Whole world is a stomping ground for energetic Fil-Am

(May 8, PDI-Entertainment)
By Oliver M. Pulumbarit

Though he grew up in Hawaii, “I still learned about Filipino culture,” Fil-Am performer Andres Fernandez told the Inquirer in an exclusive e-mail interview. “Our parents spoke Tagalog to us all the time,” he said.

The singer-dancer, promoting the series of “Stomp” shows in Manila next month (June 17 to 22, Cultural Center of the Philippines Main Theater), related: “There are a lot of Filipinos in Hawaii; we had lots of gatherings at Barrio Fiesta (a restaurant specializing in Philippine cuisine). I know about the tinikling dance; I know how to mano (the tradition of touching one’s forehead to an elder’s hand, as a sign of respect), to never wear a hat in the house and lots of other [Filipino customs].”

Fernandez said that, as kids, he and his siblings had all shown interest in performing. “We sang at birthday parties, graduations… in 1985, we put together our very first concert at the Hilton Hawaiian Village Dome. 

My kuya (elder brother) was 14, I was 11 and my younger brother was 9; we formed a dance group and also a boy band, and toured the Hawaiian Islands. We opened for major artists, including Gary Valenciano and Martin Nievera.” 

Also in 1985, he did backup vocals on his older brother Johnny’s record, “Puede Ba.” Fernandez elaborated, “Recording for my brother’s album felt great. We got to work in a studio for the first time, and that was a really fun experience.
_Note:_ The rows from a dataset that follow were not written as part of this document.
(* For $N\in\mathbb{N}$ and $m\in\mathbb{Z}_+$, $$\gamma_N^{2m,2m}=2^{2m}\,m!\,(2m)!\,\Bigl(\frac N2+m-1\Bigr)_m.$$
   Context: $|x|_N$ is the Euclidean norm on $\mathbb{R}^N$, $I_N=\{1,\ldots,N\}$, $D_i=\partial_{x_{i_1}}\cdots\partial_{x_{i_k}}$ for $i\in I_N^k$, $|\nabla_N^k u(x)|_{N^k}=\bigl(\sum_{i\in I_N^k}(D_iu(x))^2\bigr)^{1/2}$ (for $k=0$ this is $|u(x)|$). For $k\in\mathbb{Z}_+$, $s\in\mathbb{R}$, $\gamma_N^{s,k}$ denotes the constant value of $(|x|_N^{k-s}|\nabla_N^k[|x|_N^s]|_{N^k})^2$ on $\mathbb{R}^N\setminus\{0\}$ (it is known to be constant). $(\nu)_m=\prod_{j=0}^{m-1}(\nu-j)$, $(\nu)_0=1$. *)

theory Defs
  imports "HOL-Analysis.Analysis"
begin

text \<open>Points of R^N are vectors of type real^'n with N = CARD('n).\<close>

definition partial_deriv :: "'n::finite \<Rightarrow> (real^'n \<Rightarrow> real) \<Rightarrow> real^'n \<Rightarrow> real" where
  "partial_deriv i f x = deriv (\<lambda>t. f (x + t *\<^sub>R axis i 1)) 0"

fun iter_partial :: "'n::finite list \<Rightarrow> (real^'n \<Rightarrow> real) \<Rightarrow> real^'n \<Rightarrow> real" where
  "iter_partial [] f = f"
| "iter_partial (i # is) f = partial_deriv i (iter_partial is f)"

definition norm_nabla :: "nat \<Rightarrow> (real^'n::finite \<Rightarrow> real) \<Rightarrow> real^'n \<Rightarrow> real" where
  "norm_nabla k u x = sqrt (\<Sum>is\<in>{is :: 'n list. length is = k}. (iter_partial is u x)^2)"

text \<open>The quantity (|x|^{k-s} |nabla^k [|x|^s]|)^2 whose constant value is gamma_N^{s,k}.\<close>
definition gamma_expr :: "real \<Rightarrow> nat \<Rightarrow> real^'n::finite \<Rightarrow> real" where
  "gamma_expr s k x = (norm x powr (real k - s) * norm_nabla k (\<lambda>y. norm y powr s) x)^2"

definition falling :: "real \<Rightarrow> nat \<Rightarrow> real" where
  "falling \<nu> m = (\<Prod>j<m. \<nu> - real j)"

end

theory Submission imports Defs begin

text \<open>
  Write \<open>Q y = \<Sum>l. y\<^sub>l\<^sup>2\<close> and \<open>B\<^sub>k(u, v) = \<Sum>\<^sub>|\<^sub>i\<^sub>|\<^sub>=\<^sub>k D\<^sub>i u \<cdot> D\<^sub>i v\<close>. Then \<open>|x|\<^sup>2\<^sup>m = Q\<^sup>m\<close> is a
  polynomial of degree \<open>2m\<close> and \<open>\<gamma>\<close> is \<open>B\<^sub>2\<^sub>m(Q\<^sup>m, Q\<^sup>m)\<close> at \<open>x\<close>. For polynomials with
  \<open>deg G < k\<close> one has \<open>B\<^sub>k(y\<^sub>j G, v) = k B\<^sub>k\<^sub>-\<^sub>1(G, \<partial>\<^sub>j v)\<close>: by the Leibniz rule, each term in
  which no derivative falls on the factor \<open>y\<^sub>j\<close> is a \<open>k\<close>-th derivative of \<open>G\<close>, hence zero.
  Since \<open>\<partial>\<^sub>j Q\<^sup>m\<^sup>+\<^sup>1 = 2(m+1) y\<^sub>j Q\<^sup>m\<close>, two such steps give \<open>B\<^sub>2\<^sub>m(Q\<^sup>m, v) = (2m)! \<Delta>\<^sup>m v\<close>,
  and \<open>\<Delta>\<^sup>m Q\<^sup>m\<close> is the constant \<open>\<Prod>k<m. 2(k+1)(N+2k) = 2\<^sup>2\<^sup>m m! (N/2)\<^sup>(\<^sup>m\<^sup>)\<close>,
  a rising factorial equal to \<open>2\<^sup>2\<^sup>m m! (N/2+m-1)\<^sub>m\<close>.
\<close>

inductive poly_deg_le :: "nat \<Rightarrow> (real^'n::finite \<Rightarrow> real) \<Rightarrow> bool" where
  const: "poly_deg_le 0 (\<lambda>x. c)"
| coord: "poly_deg_le 1 (\<lambda>x. x$j)"
| add: "poly_deg_le d f \<Longrightarrow> poly_deg_le d g \<Longrightarrow> poly_deg_le d (\<lambda>x. f x + g x)"
| mult: "poly_deg_le d f \<Longrightarrow> poly_deg_le e g \<Longrightarrow> poly_deg_le (d + e) (\<lambda>x. f x * g x)"
| mono: "poly_deg_le d f \<Longrightarrow> d \<le> e \<Longrightarrow> poly_deg_le e f"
It helped me to listen and get a better sound out of my voice.”

A member of the “Stomp” cast for 17 years now, Fernandez  said those previous experiences continue to be useful as he performs for the percussion- and physical comedy-heavy show, which debuted in London in the early 1990s. “In ‘Stomp,’ we don’t talk or sing,” he said. Those older disciplines taught him to listen closely to the music being played, he said.

Now in his late 30s, Fernandez fondly recalled how he got the job: “Before I auditioned for ‘Stomp,’ I saw it only once in Hawaii. I thought, ‘Wow, how does someone learn to do that?’ I didn’t think that, three months later, I would be trying out. But I did, and made it through all three call backs. I was hired in May of 1997.”

Adjusting to the established moves was a challenge. “I had to learn to create music with hands and feet. Luckily, I had some dance and drumming experience.” 

Fernandez continues to appreciate unexpected “blessings” from performing in the show. “The best thing about being in ‘Stomp’ is, I met some of my best friends, whom I would probably never have met [otherwise]. And I get to travel! Now it’s bringing me back to my roots. I am so excited to be going back to Manila for the first time since 1991!”